Während die Spurensicherung ihre Arbeit tat, verhörten mich die beiden Polizisten. »Können Sie die Einbrecher identifizieren?«
»Wenn Sie die Kerle geschnappt hätten – wer weiß? Der eine sah wie ein Obdachloser aus, der mich heute Morgen auf der Straße belästigt hat. Der typische Penner oder auch Junkie vom Pioneer-Square – er hat irgendetwas Unverständliches gemurmelt –, aber zuvor hatte ich ihn noch nie gesehen. Der andere Typ hatte nichts Besonderes an sich, den habe ich bestimmt noch nie gesehen.«
»Na toll«, spöttelte der Kleinere der beiden.

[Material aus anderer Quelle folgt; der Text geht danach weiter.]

(* Let $(G,X,\Gamma)$ be a $(\mu,\nu)$-path system group containing a $\delta$-constricting element $(g,A)$ with $\delta$-constricting map $\pi_A$, and let $\pi_{uA}$ ($u\in G$) be the translated maps described in the context. There exists $\theta\ge1$ such that: (I) for every $u\in G$, $\max\{\operatorname{diam}_{uA}(A),\operatorname{diam}_A(uA)\}>\theta$ if and only if $d_{Haus}(uA,A)\le\theta$; (II) $E(g,A)=\{u\in G: d_{Haus}(uA,A)\le\theta\}$; (III) $[E(g,A):\langle g\rangle]\le\theta$.
   Context: A path is a rectifiable continuous map $\alpha\colon[a,b]\to X$ parametrised by arc length; it is a $(\kappa,\lambda)$-quasi-geodesic if $d(\alpha(t),\alpha(t'))\le|t-t'|\le\kappa d(\alpha(t),\alpha(t'))+\lambda$. A $(\mu,\nu)$-path system group $(G,X,\Gamma)$ is a group $G$ acting properly by isometries on a geodesic metric space $X$ together with a $G$-invariant collection $\Gamma$ of paths closed under subpaths, such that any two points are joined by an element of $\Gamma$ and every element is a $(\mu,\nu)$-quasi-geodesic. A map $\pi_A\colon X\to A$ is $\delta$-constricting if (CS1) $d(x,\pi_A(x))\le\delta$ for $x\in A$, and (CS2) for all $x,y\in X$ and $\gamma\in\Gamma$ joining them, if $d(\pi_A(x),\pi_A(y))>\delta$ then $\gamma$ meets $B_X(\pi_A(x),\delta)$ and $B_X(\pi_A(y),\delta)$. An element $g$ is $\delta$-constricting, written $(g,A)$, if it has infinite order and $A$ is a $\langle g\rangle$-invariant subset admitting a $\delta$-constricting map $\pi_A$, on which $\langle g\rangle$ acts $\delta$-coboundedly (for all $a,a'\in A$ some $k\in\langle g\rangle$ has $d(a,ka')\le\delta$). Translated maps: fix a set $R$ of representatives of $G/\mathrm{Stab}(A)$; for $u\in G$ let $u_0\in R$ with $uA=u_0A$ and set $\pi_{uA}(x)=u_0\pi_A(u_0^{-1}x)$. $\operatorname{diam}_{B}(C)=\operatorname{diam}(\pi_B(C))$. $d_{Haus}$ is the Hausdorff distance. The elementary closure is $E(g,A)=\{u\in G: d_{Haus}(uA,A)<\infty\}$. *)

theory Defs
  imports "HOL-Analysis.Analysis" "HOL-Algebra.Coset" "HOL-Library.Extended_Real"
begin

text \<open>The space X is the whole of a metric-space type 'a.
  A path is a triple (a, b, alpha) standing for alpha restricted to [a,b].\<close>

type_synonym 'a path_t = "real \<times> real \<times> (real \<Rightarrow> 'a)"

definition geodesic_space :: "'a::metric_space itself \<Rightarrow> bool" where
  "geodesic_space _ \<longleftrightarrow> (\<forall>x y::'a. \<exists>\<gamma>::real \<Rightarrow> 'a. \<gamma> 0 = x \<and> \<gamma> (dist x y) = y \<and>
      (\<forall>s\<in>{0..dist x y}. \<forall>t\<in>{0..dist x y}. dist (\<gamma> s) (\<gamma> t) = \<bar>s - t\<bar>))"

definition partitions :: "real \<Rightarrow> real \<Rightarrow> real list set" where
  "partitions s t = {ts. ts \<noteq> [] \<and> sorted ts \<and> hd ts = s \<and> last ts = t \<and> set ts \<subseteq> {s..t}}"

definition poly_length :: "(real \<Rightarrow> 'a::metric_space) \<Rightarrow> real list \<Rightarrow> real" where
  "poly_length \<alpha> ts = (\<Sum>i<length ts - 1. dist (\<alpha> (ts ! i)) (\<alpha> (ts ! Suc i)))"

definition curve_length :: "(real \<Rightarrow> 'a::metric_space) \<Rightarrow> real \<Rightarrow> real \<Rightarrow> ereal" where
  "curve_length \<alpha> s t = (SUP ts\<in>partitions s t. ereal (poly_length \<alpha> ts))"

definition is_path :: "'a::metric_space path_t \<Rightarrow> bool" where
  "is_path p \<longleftrightarrow> (case p of (a, b, \<alpha>) \<Rightarrow> a \<le> b \<and> continuous_on {a..b} \<alpha> \<and>
      curve_length \<alpha> a b < \<infinity> \<and>
      (\<forall>s t. a \<le> s \<and> s \<le> t \<and> t \<le> b \<longrightarrow> curve_length \<alpha> s t = ereal (t - s)))"

definition quasi_geodesic :: "real \<Rightarrow> real \<Rightarrow> 'a::metric_space path_t \<Rightarrow> bool" where
  "quasi_geodesic \<kappa> lam p \<longleftrightarrow> is_path p \<and> (case p of (a, b, \<alpha>) \<Rightarrow>
      (\<forall>t\<in>{a..b}. \<forall>t'\<in>{a..b}. dist (\<alpha> t) (\<alpha> t') \<le> \<bar>t - t'\<bar> \<and>
                                 \<bar>t - t'\<bar> \<le> \<kappa> * dist (\<alpha> t) (\<alpha> t') + lam))"

definition joins :: "'a path_t \<Rightarrow> 'a \<Rightarrow> 'a \<Rightarrow> bool" where
  "joins p x y \<longleftrightarrow> (case p of (a, b, \<alpha>) \<Rightarrow> \<alpha> a = x \<and> \<alpha> b = y)"

definition meets :: "'a path_t \<Rightarrow> 'a::metric_space set \<Rightarrow> bool" where
  "meets p B \<longleftrightarrow> (case p of (a, b, \<alpha>) \<Rightarrow> (\<exists>t\<in>{a..b}. \<alpha> t \<in> B))"

definition isometric_proper_action ::
  "('g, 'b) monoid_scheme \<Rightarrow> ('g \<Rightarrow> 'a::metric_space \<Rightarrow> 'a) \<Rightarrow> bool" where
  "isometric_proper_action G act \<longleftrightarrow>
     (\<forall>x. act \<one>\<^bsub>G\<^esub> x = x) \<and>
     (\<forall>g\<in>carrier G. \<forall>h\<in>carrier G. \<forall>x. act (g \<otimes>\<^bsub>G\<^esub> h) x = act g (act h x)) \<and>
     (\<forall>g\<in>carrier G. \<forall>x y. dist (act g x) (act g y) = dist x y) \<and>
     (\<forall>x r. finite {g\<in>carrier G. dist x (act g x) \<le> r})"

definition path_system_group ::
  "real \<Rightarrow> real \<Rightarrow> ('g, 'b) monoid_scheme \<Rightarrow> ('g \<Rightarrow> 'a::metric_space \<Rightarrow> 'a) \<Rightarrow> 'a path_t set \<Rightarrow> bool" where
  "path_system_group \<mu> \<nu> G act \<Gamma> \<longleftrightarrow>
     group G \<and> geodesic_space TYPE('a) \<and> isometric_proper_action G act \<and>
     (\<forall>g\<in>carrier G. \<forall>(a, b, \<alpha>)\<in>\<Gamma>. (a, b, act g \<circ> \<alpha>) \<in> \<Gamma>) \<and>
     (\<forall>(a, b, \<alpha>)\<in>\<Gamma>. \<forall>c d. a \<le> c \<and> c \<le> d \<and> d \<le> b \<longrightarrow> (c, d, \<alpha>) \<in> \<Gamma>) \<and>
     (\<forall>x y. \<exists>p\<in>\<Gamma>. joins p x y) \<and>
     (\<forall>p\<in>\<Gamma>. quasi_geodesic \<mu> \<nu> p)"

text \<open>Balls B_X(p, delta) are taken closed.\<close>
definition constricting_map ::
  "'a path_t set \<Rightarrow> real \<Rightarrow> 'a::metric_space set \<Rightarrow> ('a \<Rightarrow> 'a) \<Rightarrow> bool" where
  "constricting_map \<Gamma> \<delta> A \<pi> \<longleftrightarrow>
     (\<forall>x. \<pi> x \<in> A) \<and>
     (\<forall>x\<in>A. dist x (\<pi> x) \<le> \<delta>) \<and>
     (\<forall>x y. \<forall>p\<in>\<Gamma>. joins p x y \<and> dist (\<pi> x) (\<pi> y) > \<delta> \<longrightarrow>
         meets p (cball (\<pi> x) \<delta>) \<and> meets p (cball (\<pi> y) \<delta>))"

definition cyclic_subgroup :: "('g, 'b) monoid_scheme \<Rightarrow> 'g \<Rightarrow> 'g set" where
  "cyclic_subgroup G g = {g [^]\<^bsub>G\<^esub> (k::int) | k. True}"

definition constricting_element ::
  "('g, 'b) monoid_scheme \<Rightarrow> ('g \<Rightarrow> 'a::metric_space \<Rightarrow> 'a) \<Rightarrow> 'a path_t set \<Rightarrow> real \<Rightarrow>
   'g \<Rightarrow> 'a set \<Rightarrow> ('a \<Rightarrow> 'a) \<Rightarrow> bool" where
  "constricting_element G act \<Gamma> \<delta> g A \<pi> \<longleftrightarrow>
     g \<in> carrier G \<and> (\<forall>n::nat. n > 0 \<longrightarrow> g [^]\<^bsub>G\<^esub> n \<noteq> \<one>\<^bsub>G\<^esub>) \<and>
     (\<forall>k\<in>cyclic_subgroup G g. act k ` A = A) \<and>
     constricting_map \<Gamma> \<delta> A \<pi> \<and>
     (\<forall>a\<in>A. \<forall>a'\<in>A. \<exists>k\<in>cyclic_subgroup G g. dist a (act k a') \<le> \<delta>)"

text \<open>R is a set of representatives of G / Stab(A): each translate uA equals r A
  for a unique r in R.  The coset Stab(A) itself is represented by the identity.\<close>
definition representatives ::
  "('g, 'b) monoid_scheme \<Rightarrow> ('g \<Rightarrow> 'a \<Rightarrow> 'a) \<Rightarrow> 'a set \<Rightarrow> 'g set \<Rightarrow> bool" where
  "representatives G act A R \<longleftrightarrow> R \<subseteq> carrier G \<and> \<one>\<^bsub>G\<^esub> \<in> R \<and>
     (\<forall>u\<in>carrier G. \<exists>!r. r \<in> R \<and> act r ` A = act u ` A)"

definition rep_of ::
  "('g, 'b) monoid_scheme \<Rightarrow> ('g \<Rightarrow> 'a \<Rightarrow> 'a) \<Rightarrow> 'a set \<Rightarrow> 'g set \<Rightarrow> 'g \<Rightarrow> 'g" where
  "rep_of G act A R u = (THE r. r \<in> R \<and> act r ` A = act u ` A)"

definition transl_map ::
  "('g, 'b) monoid_scheme \<Rightarrow> ('g \<Rightarrow> 'a \<Rightarrow> 'a) \<Rightarrow> 'a set \<Rightarrow> 'g set \<Rightarrow> ('a \<Rightarrow> 'a) \<Rightarrow> 'g \<Rightarrow> 'a \<Rightarrow> 'a" where
  "transl_map G act A R \<pi> u x =
     (let u0 = rep_of G act A R u in act u0 (\<pi> (act (inv\<^bsub>G\<^esub> u0) x)))"

definition ediam :: "'a::metric_space set \<Rightarrow> ereal" where
  "ediam S = (SUP p\<in>S \<times> S. ereal (dist (fst p) (snd p)))"

definition ehausdist :: "'a::metric_space set \<Rightarrow> 'a set \<Rightarrow> ereal" where
  "ehausdist S T = max (SUP x\<in>S. ereal (infdist x T)) (SUP y\<in>T. ereal (infdist y S))"

definition elementary_closure ::
  "('g, 'b) monoid_scheme \<Rightarrow> ('g \<Rightarrow> 'a::metric_space \<Rightarrow> 'a) \<Rightarrow> 'a set \<Rightarrow> 'g set" where
  "elementary_closure G act A = {u\<in>carrier G. ehausdist (act u ` A) A < \<infinity>}"

definition index_le :: "('g, 'b) monoid_scheme \<Rightarrow> 'g set \<Rightarrow> 'g set \<Rightarrow> real \<Rightarrow> bool" where
  "index_le G H K c \<longleftrightarrow> finite {u <#\<^bsub>G\<^esub> K | u. u \<in> H} \<and> real (card {u <#\<^bsub>G\<^esub> K | u. u \<in> H}) \<le> c"

end

theory Submission
  imports Defs "HOL-Algebra.Multiplicative_Group"
begin

text \<open>If the projection of a translate \<open>u A\<close> to \<open>A\<close> is long, a quasi-geodesic joining two points
  of \<open>u A\<close> fellow-travels both \<open>A\<close> and \<open>u A\<close> for a long time (Morse property of constricting
  maps). Sampling it at more points than there are group elements moving a base point a bounded
  amount, the pigeonhole principle yields \<open>u g\<^sup>n u\<inverse> = g\<^sup>m\<close> with \<open>n \<noteq> 0\<close>. Such a commensuration
  makes \<open>u A\<close> and \<open>A\<close> uniformly Hausdorff close: projecting quasi-geodesics between far apart
  points of an orbit \<open>u\<inverse>\<langle>g\<rangle>a\<^sub>0\<close> sweeps along whole stretches of \<open>\<langle>g\<rangle>\<close>-orbits. Conversely, a translate at
  finite Hausdorff distance has unbounded projection, since \<open>\<langle>g\<rangle>\<close> acts on \<open>A\<close> with unbounded
  displacement. All constants depend only on the data, so one threshold \<open>\<theta>\<close> serves for (I) and
  (II); for (III), every coset \<open>u\<langle>g\<rangle>\<close> in \<open>E(g, A)\<close> contains an element moving a base point by a
  bounded amount, and by properness there are finitely many such elements.\<close>

lemma (in group) int_pow_conjugate:
  assumes "u \<in> carrier G" "x \<in> carrier G"
  shows "u \<otimes> x [^] (k::int) \<otimes> inv u = (u \<otimes> x \<otimes> inv u) [^] k"
proof -
  have "(\<lambda>x. u \<otimes> x \<otimes> inv u) \<in> hom G G"
    using assms(1) by (intro homI) (simp_all add: m_assoc inv_solve_left)
  then show ?thesis
    using hom_int_pow[of _ G G x k] assms is_group by simp
qed

lemma (in group) conjugate_eq_of_double_coset_eq:
  assumes c: "x \<in> carrier G" "y \<in> carrier G" "x' \<in> carrier G" "y' \<in> carrier G" "u \<in> carrier G"
    and eq: "inv x \<otimes> u \<otimes> y = inv x' \<otimes> u \<otimes> y'"
  shows "u \<otimes> (y \<otimes> inv y') \<otimes> inv u = x \<otimes> inv x'"
proof -
  have "u \<otimes> (y \<otimes> inv y') \<otimes> inv u = x \<otimes> (inv x \<otimes> u \<otimes> y) \<otimes> inv y' \<otimes> inv u"
    using c by (simp add: m_assoc[symmetric])
  also have "\<dots> = x \<otimes> (inv x' \<otimes> u \<otimes> y') \<otimes> inv y' \<otimes> inv u"
    by (simp only: eq)
  also have "\<dots> = x \<otimes> inv x'"
    using c by (simp add: m_assoc)
  finally show ?thesis .
qed

lemma (in group) conjugate_inv_conjugate:
  assumes "u \<in> carrier G" "x \<in> carrier G" "u \<otimes> x \<otimes> inv u = y"
  shows "inv u \<otimes> y \<otimes> inv (inv u) = x"
proof -
  have "inv u \<otimes> y \<otimes> inv (inv u) = (inv u \<otimes> u) \<otimes> x \<otimes> (inv u \<otimes> u)"
    unfolding assms(3)[symmetric] using assms(1,2) by (simp only: inv_inv m_assoc inv_closed m_closed)
  then show ?thesis
    using assms by simp
qed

Ich schüttelte entschieden den Kopf. »Ich habe Ihren Kollegen am Telefon ausdrücklich davor gewarnt, dass eine Sirene sie verscheuchen würde. Wurde Ihnen das denn nicht ausgerichtet?«
Die beiden liefen rot an und ich musste mich ziemlich zusammenreißen, um ihnen nicht vor die Füße zu spucken.
»Könnte einer der beiden als Stalker hinter Ihnen her sein?«, wollte der Größere wissen.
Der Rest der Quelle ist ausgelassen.